August 16, 2009 at 2:34 pm
OK, this gets rid of the Cursor and still assigns candidates to board members pretty evenly (+/- 3 out of 720):
/*
RULES:
1. A selection board will convene, consisting of 3 to N # of board members.
2. This selection board will review eligible candidates for scholarships.
3. Each candidate will be assigned to be reviewed by 3, and only 3, of the board members.
4. Each board member's "list" of candidates to review should be evenly distributed
(doesn't have to be exact, but should be close to equal).
and the kicker...
5. The candidate should not be assigned to a board members list if that board member
is one of the top 5 schools that the candidate wants a scholarship to. However, enforcement
of rule #3 takes precedence over this rule... meaning that if there are 4 board members,
and 2 of them are from the top 5 school choices of a candidate,
then the candidate still needs to be assigned to three board member's list.
*/
declare @BrdDt datetime; set @BrdDt = '07/29/2009';
--====== get the board members. Minimum of 3, no maximum (reality says < 10) ======
if OBJECT_ID('tempdb..#BrdMbrs') IS NOT NULL DROP TABLE #BrdMbrs
CREATE TABLE #BrdMbrs (VoterID int PRIMARY KEY CLUSTERED, SSN_ID char(9), Board_DT datetime, SchoolCd char(6))

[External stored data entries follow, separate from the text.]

(* Let $n\geq 2$ with $n\neq 4$. Each of the following statements is equivalent to $d_n < \sqrt{2}\,(p_n)^{1/2}$: 1. $(p_{n+1}+d_n)\,p_n$ is the largest odd multiple of $p_n$ that is at most $p_{n+1}^2$. 2. The open interval $(p_n^2, p_{n+1}^2)$ contains exactly $d_n$ odd multiples of $p_n$. 3. $\displaystyle \frac{d_n}{2} + \sum_{i=1}^{d_n-1} i < p_n$.
   Context: $p_n$ denotes the $n$th prime ($p_1=2$) and $d_n := p_{n+1}-p_n$. *)

theory Defs
  imports Complex_Main "HOL-Computational_Algebra.Primes"
begin

text \<open>p n is the n-th prime, 1-indexed: p 1 = 2, p 2 = 3, ...
  (p 0 is a junk value and never used.)\<close>
definition p :: "nat \<Rightarrow> nat" where
  "p n = (LEAST q. prime q \<and> card {r. prime r \<and> r \<le> q} = n)"

definition d :: "nat \<Rightarrow> nat" where
  "d n = p (n + 1) - p n"

definition odd_multiples :: "nat \<Rightarrow> nat set" where
  "odd_multiples m = {x. \<exists>k. odd k \<and> x = k * m}"

end

theory Submission
  imports Defs
begin

text \<open>Write q = p n and g = d n, so that p (n + 1) = q + g with q odd. All three conditions
  reduce to g^2 < 2 q. The sum in (3) equals g^2 / 2. The odd multiples of q above q^2
  are the numbers (q + 2 j) q with j > 0, and (q + 2 j) q < (q + g)^2 iff 2 j q < 2 q g + g^2;
  so (1) and (2) both ask whether j = g + 1 is excluded, i.e. whether g^2 \<le> 2 q. Finally
  g^2 = 2 q is impossible for odd q, so \<le> and < agree.\<close>

lemma finite_primes_le: "finite {r::nat. prime r \<and> r \<le> x}"
  by (rule finite_subset[of _ "{..x}"]) auto

lemma primes_le_next_prime:
  fixes q q' :: nat
  assumes "prime q'" "q < q'" "\<And>r. q < r \<Longrightarrow> r < q' \<Longrightarrow> \<not> prime r"
  shows "{r. prime r \<and> r \<le> q'} = insert q' {r. prime r \<and> r \<le> q}"
  using assms by (auto simp: le_less) (meson not_less_iff_gr_or_eq)

lemma ex_prime_card_primes_le:
  assumes "n \<ge> 1"
  shows "\<exists>q::nat. prime q \<and> card {r. prime r \<and> r \<le> q} = n"
  using assms
proof (induction n rule: dec_induct)
  case base
  have "{r::nat. prime r \<and> r \<le> 2} = {2}"
    by (auto dest: prime_ge_2_nat)
  then show ?case by (intro exI[of _ 2]) auto
next
  case (step m)
  then obtain q :: nat where q: "prime q" "card {r. prime r \<and> r \<le> q} = m"
    by blast
  define q' where "q' = (LEAST r::nat. prime r \<and> q < r)"
  have "prime q' \<and> q < q'"
    unfolding q'_def by (rule LeastI_ex) (use bigger_prime in blast)
  then have q': "prime q'" "q < q'"
    by auto
  have "\<not> prime r" if "q < r" "r < q'" for r
    using not_less_Least[of r "\<lambda>r. prime r \<and> q < r"] that unfolding q'_def by blast
  then have "{r. prime r \<and> r \<le> q'} = insert q' {r. prime r \<and> r \<le> q}"
    using q' by (intro primes_le_next_prime)
  then have "card {r. prime r \<and> r \<le> q'} = Suc m"
    using q q' finite_primes_le by simp
  with q' show ?case by auto
qed

lemma prime_p: "n \<ge> 1 \<Longrightarrow> prime (p n)"
  and card_primes_le_p: "n \<ge> 1 \<Longrightarrow> card {r. prime r \<and> r \<le> p n} = n"
  unfolding p_def using LeastI_ex[OF ex_prime_card_primes_le] by blast+

lemma p_less_p_Suc:
  assumes "n \<ge> 1"
  shows "p n < p (n + 1)"
proof (rule ccontr)
  assume "\<not> p n < p (n + 1)"
  then have "{r. prime r \<and> r \<le> p (n + 1)} \<subseteq> {r. prime r \<and> r \<le> p n}"
    by auto
  then have "card {r. prime r \<and> r \<le> p (n + 1)} \<le> card {r. prime r \<and> r \<le> p n}"
    by (rule card_mono[OF finite_primes_le])
  with assms show False
    by (simp add: card_primes_le_p)
qed

lemma odd_p:
  assumes "n \<ge> 2"
  shows "odd (p n)"
proof -
  have "p n \<noteq> 2"
  proof
    assume "p n = 2"
    then have "n = card {r::nat. prime r \<and> r \<le> 2}"
      using assms card_primes_le_p[of n] by simp
    also have "{r::nat. prime r \<and> r \<le> 2} = {2}"
      by (auto dest: prime_ge_2_nat)
    finally show False
      using assms by simp
  qed
  moreover have "prime (p n)"
    using assms by (simp add: prime_p)
  ultimately show ?thesis
    using prime_ge_2_nat[of "p n"] prime_odd_nat[of "p n"] by linarith
qed

lemma less_sqrt_two_mult_sqrt_iff:
  "real g < sqrt 2 * sqrt (real q) \<longleftrightarrow> g * g < 2 * q"
proof -
  have "sqrt 2 * sqrt (real q) = sqrt (2 * real q)"
    by (simp add: real_sqrt_mult)
  moreover have "real g = sqrt (real g ^ 2)"
    by simp
  ultimately have "real g < sqrt 2 * sqrt (real q) \<longleftrightarrow> real g ^ 2 < 2 * real q"
    by (metis real_sqrt_less_iff)
  also have "\<dots> \<longleftrightarrow> real (g * g) < real (2 * q)"
    by (simp add: power2_eq_square)
  finally show ?thesis
    by linarith
qed

lemma half_plus_sum_Icc_pred_less_iff:
  "real g / 2 + (\<Sum>i = 1..g - 1. real i) < real q \<longleftrightarrow> g * g < 2 * q"
proof -
  have "real g / 2 + (\<Sum>i = 1..g - 1. real i) = real (g * g) / 2"
  proof (cases g)
    case (Suc m)
    then show ?thesis
      using double_gauss_sum_from_Suc_0[of m, where ?'a = real] by (simp add: algebra_simps)
  qed simp
  then show ?thesis
    by linarith
qed

lemma square_neq_double_odd:
  fixes g q :: nat
  assumes "odd q"
  shows "g * g \<noteq> 2 * q"
proof
  assume sq: "g * g = 2 * q"
  then obtain c where "g = 2 * c"
    by (metis dvd_triv_left even_mult_iff evenE)
  with sq have "q = 2 * (c * c)"
    by simp
  with assms show False
    by simp
qed

lemma odd_multiple_mem_le_square:
  fixes g q :: nat
  assumes "odd q"
  shows "(q + 2 * g) * q \<in> odd_multiples q \<inter> {..(q + g) ^ 2}"
  using assms unfolding odd_multiples_def
  by (intro IntI CollectI exI[of _ "q + 2 * g"]) (auto simp: power2_eq_square algebra_simps)

lemma odd_multiples_le_square_bounded_iff:
  fixes g q :: nat
  assumes "odd q"
  shows "(\<forall>x \<in> odd_multiples q \<inter> {..(q + g) ^ 2}. x \<le> (q + 2 * g) * q) \<longleftrightarrow> g * g < 2 * q"
proof
  assume bounded: "\<forall>x \<in> odd_multiples q \<inter> {..(q + g) ^ 2}. x \<le> (q + 2 * g) * q"
  show "g * g < 2 * q"
  proof (rule ccontr)
    assume "\<not> g * g < 2 * q"
    then have "(q + 2 * g + 2) * q \<in> odd_multiples q \<inter> {..(q + g) ^ 2}"
      using assms unfolding odd_multiples_def
      by (intro IntI CollectI exI[of _ "q + 2 * g + 2"]) (auto simp: power2_eq_square algebra_simps)
    with bounded have "(q + 2 * g + 2) * q \<le> (q + 2 * g) * q"
      by blast
    with odd_pos[OF assms] show False
      by simp
  qed
next
  assume small_gap: "g * g < 2 * q"
  show "\<forall>x \<in> odd_multiples q \<inter> {..(q + g) ^ 2}. x \<le> (q + 2 * g) * q"
  proof
    fix x
    assume "x \<in> odd_multiples q \<inter> {..(q + g) ^ 2}"
    then obtain k where k: "odd k" "x = k * q" "k * q \<le> (q + g) ^ 2"
      unfolding odd_multiples_def by auto
    then have "k * q < (q + 2 * g + 2) * q"
      using small_gap by (simp add: power2_eq_square algebra_simps)
    then have "k < q + 2 * g + 2"
      by (rule mult_less_cancel2[THEN iffD1, THEN conjunct2])
    with k(1) assms have "k \<le> q + 2 * g"
      by presburger
    with k(2) show "x \<le> (q + 2 * g) * q"
      by simp
  qed
qed

lemma Collect_pos_mult_less:
  fixes a b :: nat
  assumes "a > 0"
  shows "{j. 0 < j \<and> j * a < b} = {1..(b - 1) div a}"
proof -
  have "j * a < b \<longleftrightarrow> j * a \<le> b - 1" if "0 < j" for j
  proof -
    have "0 < j * a"
      using that assms by simp
    then show ?thesis
      by linarith
  qed
  then show ?thesis
    using assms by (auto simp: less_eq_div_iff_mult_less_eq)
qed

lemma odd_multiples_between_squares:
  fixes g q :: nat
  assumes "odd q"
  shows "odd_multiples q \<inter> {q ^ 2 <..< (q + g) ^ 2}
           = (\<lambda>j. (q + 2 * j) * q) ` {j. 0 < j \<and> j * (2 * q) < 2 * q * g + g * g}"
proof (intro equalityI subsetI)
  fix x
  assume "x \<in> odd_multiples q \<inter> {q ^ 2 <..< (q + g) ^ 2}"
  then obtain k where k: "odd k" "x = k * q" "q * q < k * q" "k * q < (q + g) ^ 2"
    unfolding odd_multiples_def by (auto simp: power2_eq_square)
  then have "q < k"
    using mult_less_cancel2 by blast
  moreover have "even (k - q)"
    using k(1) assms \<open>q < k\<close> by simp
  then obtain j where "k - q = 2 * j"
    by (elim evenE)
  ultimately have j: "k = q + 2 * j" "0 < j"
    by simp_all
  with k(4) have "j * (2 * q) < 2 * q * g + g * g"
    by (simp add: power2_eq_square algebra_simps)
  with j k(2) show "x \<in> (\<lambda>j. (q + 2 * j) * q) ` {j. 0 < j \<and> j * (2 * q) < 2 * q * g + g * g}"
    by blast
next
  fix x
  assume "x \<in> (\<lambda>j. (q + 2 * j) * q) ` {j. 0 < j \<and> j * (2 * q) < 2 * q * g + g * g}"
  then obtain j where j: "x = (q + 2 * j) * q" "0 < j" "j * (2 * q) < 2 * q * g + g * g"
    by blast
  then show "x \<in> odd_multiples q \<inter> {q ^ 2 <..< (q + g) ^ 2}"
    using assms odd_pos[OF assms] unfolding odd_multiples_def
    by (intro IntI CollectI exI[of _ "q + 2 * j"]) (auto simp: power2_eq_square algebra_simps)
qed

lemma card_odd_multiples_between_squares:
  fixes g q :: nat
  assumes "odd q"
  shows "card (odd_multiples q \<inter> {q ^ 2 <..< (q + g) ^ 2}) = (2 * q * g + g * g - 1) div (2 * q)"
proof -
  have "q > 0"
    using assms by (rule odd_pos)
  then have "inj (\<lambda>j. (q + 2 * j) * q)"
    by (auto simp: inj_on_def)
  with \<open>q > 0\<close> show ?thesis
    by (simp add: odd_multiples_between_squares[OF assms] card_image inj_on_subset
        Collect_pos_mult_less)
qed

lemma mult_add_square_pred_div_eq_iff:
  fixes a g :: nat
  assumes "a > 0"
  shows "(a * g + g * g - 1) div a = g \<longleftrightarrow> g * g \<le> a"
proof (cases "g = 0")
  case False
  then have "g * g \<ge> 1"
    by simp
  show ?thesis
  proof
    assume "(a * g + g * g - 1) div a = g"
    then have "a * g + g * g - 1 < Suc g * a"
      using assms div_less_iff_less_mult by (metis lessI)
    then show "g * g \<le> a"
      by (simp add: algebra_simps)
  next
    assume "g * g \<le> a"
    moreover have "a * Suc g = a * g + a"
      by simp
    ultimately show "(a * g + g * g - 1) div a = g"
      using \<open>g * g \<ge> 1\<close> by (intro div_nat_eqI) linarith+
  qed
qed simp

lemma card_odd_multiples_between_squares_eq_iff:
  fixes g q :: nat
  assumes "odd q"
  shows "card (odd_multiples q \<inter> {q ^ 2 <..< (q + g) ^ 2}) = g \<longleftrightarrow> g * g < 2 * q"
proof -
  have "card (odd_multiples q \<inter> {q ^ 2 <..< (q + g) ^ 2}) = g \<longleftrightarrow> g * g \<le> 2 * q"
    using mult_add_square_pred_div_eq_iff[of "2 * q" g] odd_pos[OF assms]
    by (simp add: card_odd_multiples_between_squares[OF assms])
  with square_neq_double_odd[OF assms, of g] show ?thesis
    by linarith
qed

theorem theorem2p8:
  fixes n :: nat
  assumes "n \<ge> 2" and "n \<noteq> 4"
  shows "((real (d n) < sqrt 2 * sqrt (real (p n))) \<longleftrightarrow>
           ((p (n + 1) + d n) * p n \<in> odd_multiples (p n) \<inter> {..p (n + 1) ^ 2} \<and>
            (\<forall>x \<in> odd_multiples (p n) \<inter> {..p (n + 1) ^ 2}. x \<le> (p (n + 1) + d n) * p n))) \<and>
         ((real (d n) < sqrt 2 * sqrt (real (p n))) \<longleftrightarrow>
           card (odd_multiples (p n) \<inter> {p n ^ 2 <..< p (n + 1) ^ 2}) = d n) \<and>
         ((real (d n) < sqrt 2 * sqrt (real (p n))) \<longleftrightarrow>
           real (d n) / 2 + (\<Sum>i = 1..d n - 1. real i) < real (p n))"
proof -
  have odd: "odd (p n)"
    using assms(1) by (rule odd_p)
  have next_prime: "p (n + 1) = p n + d n"
    using p_less_p_Suc[of n] assms(1) unfolding d_def by simp
  have small_gap: "real (d n) < sqrt 2 * sqrt (real (p n)) \<longleftrightarrow> d n * d n < 2 * p n"
    by (rule less_sqrt_two_mult_sqrt_iff)
  have double_gap: "p n + d n + d n = p n + 2 * d n"
    by simp
  show ?thesis
    unfolding next_prime double_gap small_gap half_plus_sum_Icc_pred_less_iff
    using odd_multiple_mem_le_square[OF odd] odd_multiples_le_square_bounded_iff[OF odd]
      card_odd_multiples_between_squares_eq_iff[OF odd]
    by blast
qed

end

INSERT INTO #BrdMbrs (VoterID) select top 5 VoterID = ROW_NUMBER() OVER (ORDER BY object_id) from sys.objects
--====== get the candidates that are ready for the board selection process ======
if OBJECT_ID('tempdb..#Candidates') IS NOT NULL DROP TABLE #Candidates
CREATE TABLE #Candidates (CandidateID int PRIMARY KEY CLUSTERED)
INSERT INTO #Candidates select top 1200 CandidateID = ROW_NUMBER() OVER (ORDER BY s1.object_id) from sys.objects s1, sys.objects s2
--====== get the school choices that the candidates want to go to ======
if OBJECT_ID('tempdb..#CandidateSchoolChoices') IS NOT NULL DROP TABLE #CandidateSchoolChoices
CREATE TABLE #CandidateSchoolChoices (CandidateID int, ChoiceNbr tinyint, SchoolChoice char(6), PRIMARY KEY (CandidateID, ChoiceNbr))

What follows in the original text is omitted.